Augmented language models: cheatsheet

Two augmentation patterns

Pattern	What it does	When to use
RAG	Fetch context into the prompt	Missing knowledge
Tool use	Let the model call external systems	Missing capabilities (search, compute, write actions)

Modern apps use both, often with RAG implemented as a tool.

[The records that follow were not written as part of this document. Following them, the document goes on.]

lemma card_separated_grid_sets:
  assumes X: "X \<subseteq> grid_goals m (2 * m)" and Y: "Y \<subseteq> grid_starts m (2 * m)"
    and sep: "\<forall>u\<in>Y. \<forall>v\<in>X. \<not> grid_adj u v"
    and half: "card X = m * (m div 2)"
  shows "card X + card Y + m div 2 \<le> m\<^sup>2"
proof -
  define D where "D = {1..m} \<times> {1..m}"
  define placed where "placed d \<longleftrightarrow> d \<in> D \<and> domino_goal d \<in> X" for d
  define waiting where "waiting d \<longleftrightarrow> d \<in> D \<and> domino_start d \<in> Y" for d
  have card_X: "card {d\<in>D. placed d} = card X"
    using card_preimage_bij_betw[OF bij_betw_domino_goal X] by (simp add: placed_def D_def)
  have card_Y: "card {d\<in>D. waiting d} = card Y"
    using card_preimage_bij_betw[OF bij_betw_domino_start Y] by (simp add: waiting_def D_def)
  have no_adj: "\<not> grid_adj (domino_start d) (domino_goal d')" if "waiting d" "placed d'" for d d'
    using sep that unfolding placed_def waiting_def by blast
  have row_pos: "1 \<le> k" if "placed (x,k) \<or> waiting (x,k)" for x k
    using that by (auto simp: placed_def waiting_def D_def)
  have disj: "\<not> (placed d \<and> waiting d)" for d
  proof (cases d)
    case (Pair x k)
    then show ?thesis using no_adj grid_adj_domino(1)[of k x] row_pos by blast
  qed
  have "m div 2 \<le> card {d\<in>D. \<not> placed d \<and> \<not> waiting d}"
    unfolding D_def
  proof (rule card_empty_cells_ge[OF disj])
    show "\<not> waiting (Suc x,k)" if "placed (x,k)" for x k
      using that no_adj grid_adj_domino(2)[of k x] row_pos by blast
    show "\<not> placed (Suc x,k)" if "waiting (x,k)" for x k
      using that no_adj grid_adj_domino(3)[of k x] row_pos by blast
    show "\<not> waiting (x,Suc k)" if "odd x" "placed (x,k)" for x k
      using that no_adj grid_adj_domino(4) by blast
    show "\<not> placed (x,Suc k)" if "even x" "waiting (x,k)" for x k
      using that no_adj grid_adj_domino(5) by blast
    show "card {d\<in>{1..m}\<times>{1..m}. placed d} = m * (m div 2)"
      using card_X half unfolding D_def by simp
  qed
  moreover have "card D = card {d\<in>D. placed d} + card {d\<in>D. waiting d}
      + card {d\<in>D. \<not> placed d \<and> \<not> waiting d}"
    using disj by (intro card_three_way_split) (simp add: D_def)
  moreover have "card D = m\<^sup>2" by (simp add: D_def power2_eq_square)
  ultimately show ?thesis using card_X card_Y by linarith
qed

definition consistent_state ::
  "complex set \<Rightarrow> nat \<Rightarrow> (nat \<Rightarrow> pose) \<Rightarrow> (nat \<Rightarrow> pose) \<Rightarrow> state \<Rightarrow> bool" where
  "consistent_state F n s g = (\<lambda>(S, G, b).
     S \<subseteq> {..<n} \<and> G \<subseteq> {..<n} \<and> b + card S + card G = n \<and>
     (\<forall>i\<in>S. \<forall>j\<in>G. \<not> overlap F (s i) (g j)))"

lemma step_consistent:
  assumes step: "step F n s g a (S, G, b) = Some (S', G', b')"
    and cons: "consistent_state F n s g (S, G, b)"
  shows "consistent_state F n s g (S', G', b') \<and> card G' \<le> Suc (card G)"
proof -
  have fin: "finite S" "finite G"
    using cons unfolding consistent_state_def by (auto intro: finite_subset)
  show ?thesis
  proof (cases a)
    case (ToGoal i j)
    then have "i \<in> S" "j < n" "j \<notin> G" "placeable F s g (S - {i}) G (g j)"
      and "S' = S - {i}" "G' = insert j G" "b' = b"
      using step by (auto split: if_splits)
    moreover from \<open>i \<in> S\<close> fin have "0 < card S" by (auto simp: card_gt_0_iff)
    ultimately show ?thesis
      using cons fin unfolding consistent_state_def placeable_def by auto
  next
    case (ToBuffer i)
    then have "i \<in> S" and "S' = S - {i}" "G' = G" "b' = Suc b"
      using step by (auto split: if_splits)
    moreover from \<open>i \<in> S\<close> fin have "0 < card S" by (auto simp: card_gt_0_iff)
    ultimately show ?thesis
      using cons fin unfolding consistent_state_def by auto
  next
    case (FromBuffer j)
    then have "0 < b" "j < n" "j \<notin> G" "placeable F s g S G (g j)"
      and "S' = S" "G' = insert j G" "b' = b - 1"
      using step by (auto split: if_splits)
    with cons fin show ?thesis
      unfolding consistent_state_def placeable_def by auto
  qed
qed

lemma exec_nonempty: "exec F n s g st as = Some sts \<Longrightarrow> sts \<noteq> []"
  by (induction as arbitrary: st sts) (auto split: option.splits)

lemma exec_goal_count_intermediate:
  assumes "exec F n s g st as = Some sts" and "consistent_state F n s g st"
    and "card (fst (snd st)) \<le> T" and "T \<le> card (fst (snd (last sts)))"
  shows "\<exists>st'\<in>set sts. consistent_state F n s g st' \<and> card (fst (snd st')) = T"
  using assms
proof (induction as arbitrary: st sts)
  case (Cons a as)
  obtain st1 sts1 where step: "step F n s g a st = Some st1"
    and exec1: "exec F n s g st1 as = Some sts1" and sts: "sts = st # sts1"
    using Cons.prems(1) by (auto split: option.splits)
  show ?case
  proof (cases "card (fst (snd st)) = T")
    case False
    obtain S G b S1 G1 b1 where "st = (S, G, b)" "st1 = (S1, G1, b1)" by (metis prod.exhaust)
    with step_consistent[of F n s g a S G b S1 G1 b1] step Cons.prems(2,3) False
    have "consistent_state F n s g st1" "card (fst (snd st1)) \<le> T" by auto
    moreover have "T \<le> card (fst (snd (last sts1)))"
      using Cons.prems(4) sts exec_nonempty[OF exec1] by simp
    ultimately show ?thesis using Cons.IH[OF exec1] sts by auto
  qed (use Cons.prems(2) sts in auto)
qed simp

definition exec_reaches ::
  "complex set \<Rightarrow> nat \<Rightarrow> (nat \<Rightarrow> pose) \<Rightarrow> (nat \<Rightarrow> pose) \<Rightarrow> state \<Rightarrow> action list \<Rightarrow> state \<Rightarrow> bool"
  where
  "exec_reaches F n s g st as st' \<longleftrightarrow> (\<exists>sts. exec F n s g st as = Some sts \<and> last sts = st')"

lemma exec_reaches_Nil_iff: "exec_reaches F n s g st [] st' \<longleftrightarrow> st' = st"
  by (auto simp: exec_reaches_def)

lemma exec_reaches_Cons_iff:
  "exec_reaches F n s g st (a # as) st' \<longleftrightarrow>
   (\<exists>st1. step F n s g a st = Some st1 \<and> exec_reaches F n s g st1 as st')"
proof
  assume "exec_reaches F n s g st (a # as) st'"
  then obtain sts where exec: "exec F n s g st (a # as) = Some sts" and "last sts = st'"
    unfolding exec_reaches_def by blast
  then obtain st1 sts1 where "step F n s g a st = Some st1"
    and "exec F n s g st1 as = Some sts1" and "sts = st # sts1"
    by (auto split: option.splits)
  with \<open>last sts = st'\<close> exec_nonempty show "\<exists>st1. step F n s g a st = Some st1 \<and>
      exec_reaches F n s g st1 as st'"
    unfolding exec_reaches_def by auto
next
  assume "\<exists>st1. step F n s g a st = Some st1 \<and> exec_reaches F n s g st1 as st'"
  then obtain st1 sts1 where "step F n s g a st = Some st1"
    and "exec F n s g st1 as = Some sts1" and "last sts1 = st'"
    unfolding exec_reaches_def by blast
  with exec_nonempty show "exec_reaches F n s g st (a # as) st'"
    unfolding exec_reaches_def by auto
qed

lemma exec_reaches_append:
  "exec_reaches F n s g st as st1 \<Longrightarrow> exec_reaches F n s g st1 bs st2 \<Longrightarrow>
   exec_reaches F n s g st (as @ bs) st2"
  by (induction as arbitrary: st) (auto simp: exec_reaches_Cons_iff exec_reaches_Nil_iff)

lemma exec_reaches_ToBuffer:
  "set xs \<subseteq> S \<Longrightarrow> distinct xs \<Longrightarrow>
   exec_reaches F n s g (S, G, b) (map ToBuffer xs) (S - set xs, G, b + length xs)"
proof (induction xs arbitrary: S b)
  case (Cons x xs)
  then have "exec_reaches F n s g (S - {x}, G, Suc b) (map ToBuffer xs)
      (S - {x} - set xs, G, Suc b + length xs)"
    using Cons.IH[of "S - {x}" "Suc b"] by auto
  moreover have "step F n s g (ToBuffer x) (S, G, b) = Some (S - {x}, G, Suc b)"
    using Cons.prems by simp
  moreover have "S - {x} - set xs = S - set (x # xs)" by auto
  ultimately show ?case unfolding exec_reaches_Cons_iff list.map(2) by simp
qed (simp add: exec_reaches_Nil_iff)

lemma exec_reaches_FromBuffer:
  assumes "feasible_arr F n g"
  shows "set xs \<subseteq> {..<n} \<Longrightarrow> distinct xs \<Longrightarrow> set xs \<inter> G = {} \<Longrightarrow> G \<subseteq> {..<n} \<Longrightarrow>
    length xs \<le> b \<Longrightarrow>
    exec_reaches F n s g ({}, G, b) (map FromBuffer xs) ({}, G \<union> set xs, b - length xs)"
proof (induction xs arbitrary: G b)
  case (Cons x xs)
  then have "exec_reaches F n s g ({}, insert x G, b - 1) (map FromBuffer xs)
      ({}, insert x G \<union> set xs, b - 1 - length xs)"
    using Cons.IH[of "insert x G" "b - 1"] by auto
  moreover have "placeable F s g {} G (g x)"
    using assms Cons.prems unfolding placeable_def feasible_arr_def by auto
  then have "step F n s g (FromBuffer x) ({}, G, b) = Some ({}, insert x G, b - 1)"
    using Cons.prems by simp
  moreover have "insert x G \<union> set xs = G \<union> set (x # xs)" by auto
  ultimately show ?case unfolding exec_reaches_Cons_iff list.map(2) by simp
qed (simp add: exec_reaches_Nil_iff)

RAG pipeline (seven moving parts)

knowledge source
  -> chunking (size + overlap)
  -> embedding model
  -> vector store (Pinecone / Weaviate / Chroma / pgvector / ...)
  -> retriever (embed query -> top-k similar chunks)
  -> prompt composition (system + chunks-with-sources + user)
  -> generation (with citations)

RAG trade-offs (where the real work is)

Knob	Rule of thumb
Chunk size	A few hundred tokens; small overlap (50-100). Tune empirically.
Top-k	Start 5-10; rarely above 20. More = better recall but bigger prompt.
Embedding model	Try a couple on your data; quality varies by domain.
Re-ranking	Big-set cheap retrieval -> small-set expensive re-rank. Adds latency, lifts hard-query quality.
Hybrid search	Dense + BM25. Beats either alone for queries that mix semantic and exact terms.
Metadata filtering	Tag chunks (date, type, customer ID, …); filter at retrieval. Often the biggest single win.

RAG failure mode + defense

Failure: bad retrieval the model cannot detect; answer is confidently wrong.

Defense: held-out retrieval-evaluation set (queries with their expected relevant chunks); measure retrieval quality separately from end-to-end answer quality.

Tool use (four steps)

1. Declare tool schemas (name, description, parameter types)
2. Model decides: reply directly OR emit tool-call request
3. Your code executes the tool; returns result
4. Model continues: more tools, refine, or final answer

The model’s decision (which tool, when, with what args) is itself prompt-engineered: clear tool descriptions are the equivalent of clear instructions.

RAG-as-a-tool > always-retrieve

Always-retrieve:  pays retrieval cost + latency on EVERY request
RAG-as-a-tool:    model decides per request; simple requests skip retrieval

Cleaner, cheaper, matches the agent shape (lesson 10).

How it lives against the three productive limits

Limit	This lesson’s move
Context	Retrieved chunks share the budget; tighter retrieval / re-rank / metadata filter buys back budget
Cost	Every chunk per request paid every time; RAG-as-a-tool eliminates retrieval on requests that don’t need it
Latency	Retrieval adds wall-clock before generation; cache common retrievals, async-fetch, right-size top-k

Words to use precisely

Chunk: a retrieval-sized piece of a source document.
Embedding: dense vector representing a chunk’s meaning.
Vector store: database for nearest-neighbor search over embeddings.
Top-k: how many chunks to retrieve per query.
Re-ranking: a second-stage scoring of an initial retrieval set with a more expensive model.
Hybrid search: dense (embedding) + sparse (BM25) retrieval combined.
Tool use / function calling: model emits a structured request to call a declared function; your code executes; result feeds back.

Source

Full Stack Deep Learning, LLM Bootcamp (Spring 2023): Augmented Language Models. fullstackdeeplearning.com/llm-bootcamp. Independent structural mirror in original prose; see references.